Nevertheless, Aflac’s strong brand name and solid business model
enabled it to improve earnings considerably faster than other life
and health insurers. Most significantly, the company is a prime
insurer in Japan in terms of individual policies in force. Japan’s
revenues accounted for 77% of the company’s total revenue in 2010,
73% in 2009, 72% in 2008 and 71% in 2007.
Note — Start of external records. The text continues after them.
(* Let $Q=\langle b\rangle\ltimes_{(g,\gamma)}X$ and let $S$ be a nonempty subset of $Q$. Then $S$ is a normal subloop of $Q$ with $S\cap(1\times X)=S\cap(C\times 0)=\{(1,0)\}$ if and only if there exist $k\in\mathbb Z$ and $z\in X$ such that $S=\langle(b^k,z)\rangle=\{(b^{ki},iz):i\in\mathbb Z\}$, the orders satisfy $|b^k|=|z|$, and $(b^k,z)\in Z(Q)$.
   Context: Let $(X,+)$ be an abelian group and $(g,\gamma)$ a construction pair on it: $g$ a permutation of $X$, $\gamma:X\times X\to X$ symmetric, alternating, biadditive, with (C1) $g^{-1}(g(x)+g(y))=x+y+\gamma(x,y)+g^{-1}(\gamma(x,y))+g^{-2}(\gamma(x,y))$, (C2) $\gamma(\gamma(x,y),z)=0$, (C3) $g^{-1}(\gamma(x,y))=\gamma(g(x),y)$ for all $x,y,z$. Let $\mathrm{Rad}(\gamma)=\{x:\gamma(x,y)=0\ \forall y\}$ and $r(g,\gamma)$ the least positive $r$ with $\sum_{0\le k<r}g^k(x)\in\mathrm{Rad}(\gamma)$ for all $x$ ($\infty$ if none). $I(i,j)$ is $\emptyset$ if $i=j$, $\{i,\dots,j-1\}$ if $i<j$, $\{j,\dots,i-1\}$ if $j<i$. For a cyclic group $C=\langle b\rangle$ such that (if finite) $|g|$ and $r(g,\gamma)$ divide $|C|$, $C\ltimes_{(g,\gamma)}X$ is the Moufang loop on $C\times X$ with multiplication $(b^i,x)(b^j,y)=(b^{i+j},g^{-j}(x)+y+\sum_{k\in I(i+j,-j)}g^{-k}(\gamma(x,y)))$, neutral element $(1,0)$. $Z(Q)$ is the center: elements of the nucleus that commute with all elements. *)

theory Defs
  imports Main
begin

(* Integer powers of a permutation g of the abelian group X (X = UNIV :: 'a). *)
definition gpow :: "('a \<Rightarrow> 'a) \<Rightarrow> int \<Rightarrow> 'a \<Rightarrow> 'a" where
  "gpow g k = (if 0 \<le> k then g ^^ nat k else (inv g) ^^ nat (- k))"

fun nsmul :: "nat \<Rightarrow> 'a::ab_group_add \<Rightarrow> 'a" where
  "nsmul 0 x = 0"
| "nsmul (Suc m) x = x + nsmul m x"

definition zsmul :: "int \<Rightarrow> 'a::ab_group_add \<Rightarrow> 'a" where
  "zsmul i x = (if 0 \<le> i then nsmul (nat i) x else - nsmul (nat (- i)) x)"
lemma side_product_sym:
  assumes "a \<in> S1" "a' \<in> S1" "b \<in> S1" "b' \<in> S1"
  shows "side b b' a * side b b' a' * (cmod (a - a'))\<^sup>2 = side a a' b * side a a' b' * (cmod (b - b'))\<^sup>2"
proof -
  let ?p = "a * a' * b * b'"
  have "4 * of_real (side b b' a * side b b' a' * (cmod (a - a'))\<^sup>2) * ?p
      = (a - b) * (a - b') * (a' - b) * (a' - b') * of_real ((cmod (b - b'))\<^sup>2) * of_real ((cmod (a - a'))\<^sup>2)"
    using side_product[OF assms] by (simp add: ac_simps)
  also have "\<dots> = (b - a) * (b - a') * (b' - a) * (b' - a') * of_real ((cmod (a - a'))\<^sup>2) * of_real ((cmod (b - b'))\<^sup>2)"
    by algebra
  also have "\<dots> = 4 * of_real (side a a' b * side a a' b' * (cmod (b - b'))\<^sup>2) * ?p"
    using side_product[OF assms(3,4,1,2)] by (simp add: ac_simps)
  finally show ?thesis using assms by (auto simp: S1_def simp del: of_real_mult)
qed

lemma side_polar:
  assumes "cmod b = 1"
  shows "side b (b * exp (\<i> * of_real a)) (b * exp (\<i> * of_real t))
    = 4 * sin (a/2) * sin (t/2) * sin ((t - a)/2)"
proof -
  have "(b * exp (\<i> * of_real t) - b) * cnj (b * exp (\<i> * of_real a) - b)
     = (b * cnj b) * ((exp (\<i> * of_real t) - 1) * cnj (exp (\<i> * of_real a) - 1))"
    by (simp add: algebra_simps)
  moreover have "b * cnj b = 1" using assms by (simp add: complex_mult_cnj cmod_def)
  ultimately have "side b (b * exp (\<i> * of_real a)) (b * exp (\<i> * of_real t))
      = sin t * (cos a - 1) - sin a * (cos t - 1)"
    unfolding side_def by (simp add: exp_Euler cos_of_real sin_of_real)
  also have "\<dots> = 4 * sin (a/2) * sin (t/2) * sin ((t - a)/2)"
  proof -
    have "sin (2*x) * (cos (2*y) - 1) - sin (2*y) * (cos (2*x) - 1) = 4 * sin y * sin x * sin (x - y)"
      for x y :: real
      unfolding sin_double cos_double_sin sin_diff by (simp add: power2_eq_square algebra_simps)
    from this[of "t/2" "a/2"] show ?thesis by (simp add: diff_divide_distrib)
  qed
  finally show ?thesis .
qed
Aflac has been strengthening its Japanese operations
consistently that also helped itself survive the catastrophe
losses better than its peers. Besides, Aflac continued to be the
number one seller of cancer and medical insurance policies in Japan
throughout 2010.
In the US, the strategic acquisition of CAIC in 2009 has added
to Aflac’s product and distribution capabilities, which has started
reflecting in the company’s results. CAIC contribution has been
improving from 6% to 10.7% of the US sales production in 2010 and
first quarter of 2011, respectively.
With superior financial strength ratings and a new group product
platform, CAIC buyout is projected to be accretive to earnings in
the long run. However, loss of a large payroll account, persistent
lack of confidence from small businesses and fewer sales
associates cast a cautious outlook on the sales opportunities in
the U.S. in 2011.
Meanwhile, Aflac’s strong operating cash flow position (grew to
$7.0 billion in 2010 from $6.2 billion in 2009, $5.0 billion in
2008 and $4.7 billion in 2007) further enhances the company’s scope
for both inorganic and organic growth. Additionally, Aflac’s
National Association of Insurance Commissioners (NAIC) risk-based
capital ratio remained within 500% and 525% at the end of first
quarter of 2011.
Going ahead, this strong capital and surplus position is
expected to mitigate balance sheet risk and provide liquidity
cushion to its long-term growth. Regular dividend increment and
resumption of
the stock buyback program further validate Aflac’s efficient
capital deployment and fair liquidity. Meanwhile, Aflac also
aims to get rid of its problem investments in Europe through the
de-risking process, which is expected to last over the next 12–18
months.
Besides, Fitch Ratings upgraded its credit outlook on Aflac to
stable from negative in April 2011, while A.M. Best affirmed its
investment-grade debt ratings in May 2011, reflecting a stable
outlook based on Aflac’s present financial leverage that is
estimated to be around 23%, consistent with the rating category
criterion.
However, Aflac continues to be harshly hit by intense economic
volatility, the continued fluctuation of the yen against the
dollar, changes in interest rates, changes in credit spreads and
defaults, market liquidity and declines in equity price.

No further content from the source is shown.